#### Entries shown
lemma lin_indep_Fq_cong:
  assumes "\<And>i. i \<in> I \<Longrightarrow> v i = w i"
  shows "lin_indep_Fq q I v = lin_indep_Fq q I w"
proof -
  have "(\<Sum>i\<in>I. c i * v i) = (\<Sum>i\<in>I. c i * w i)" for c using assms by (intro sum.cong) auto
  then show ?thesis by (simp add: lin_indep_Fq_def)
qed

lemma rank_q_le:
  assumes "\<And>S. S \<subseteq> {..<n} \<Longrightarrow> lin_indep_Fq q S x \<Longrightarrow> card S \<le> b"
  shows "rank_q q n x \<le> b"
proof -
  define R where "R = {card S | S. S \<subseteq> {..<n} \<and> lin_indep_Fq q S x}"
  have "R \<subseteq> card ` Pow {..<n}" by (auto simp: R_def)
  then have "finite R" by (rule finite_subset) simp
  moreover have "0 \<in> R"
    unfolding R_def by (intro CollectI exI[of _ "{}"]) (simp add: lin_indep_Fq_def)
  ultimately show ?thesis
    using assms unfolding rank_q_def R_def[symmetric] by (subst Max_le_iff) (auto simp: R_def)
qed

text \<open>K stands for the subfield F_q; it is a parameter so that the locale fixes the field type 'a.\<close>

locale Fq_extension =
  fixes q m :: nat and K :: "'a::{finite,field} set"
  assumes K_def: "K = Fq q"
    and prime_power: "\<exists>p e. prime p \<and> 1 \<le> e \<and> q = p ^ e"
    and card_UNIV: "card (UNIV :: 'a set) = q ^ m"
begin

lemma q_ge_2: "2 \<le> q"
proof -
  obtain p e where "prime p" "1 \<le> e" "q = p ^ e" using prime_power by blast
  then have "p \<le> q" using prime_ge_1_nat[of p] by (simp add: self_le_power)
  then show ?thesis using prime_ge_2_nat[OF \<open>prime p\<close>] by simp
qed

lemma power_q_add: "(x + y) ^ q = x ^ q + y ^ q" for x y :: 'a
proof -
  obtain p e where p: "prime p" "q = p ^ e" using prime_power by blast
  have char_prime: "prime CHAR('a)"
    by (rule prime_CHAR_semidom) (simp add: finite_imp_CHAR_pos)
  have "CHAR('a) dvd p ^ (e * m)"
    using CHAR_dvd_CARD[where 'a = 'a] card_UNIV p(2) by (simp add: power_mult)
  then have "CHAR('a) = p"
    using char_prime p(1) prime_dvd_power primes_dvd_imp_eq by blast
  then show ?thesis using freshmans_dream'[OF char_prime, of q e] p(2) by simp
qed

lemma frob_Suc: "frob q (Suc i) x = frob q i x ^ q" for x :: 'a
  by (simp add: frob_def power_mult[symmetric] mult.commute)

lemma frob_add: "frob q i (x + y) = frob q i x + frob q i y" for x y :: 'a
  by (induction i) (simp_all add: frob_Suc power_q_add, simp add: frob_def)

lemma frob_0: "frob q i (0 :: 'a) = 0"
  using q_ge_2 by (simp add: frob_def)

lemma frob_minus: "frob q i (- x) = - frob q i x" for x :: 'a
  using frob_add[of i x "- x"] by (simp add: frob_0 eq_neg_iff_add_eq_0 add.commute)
########
> [What the exercise asks] Please report the number of lines in the data that include "locale", with no other words.

> [Task result] 2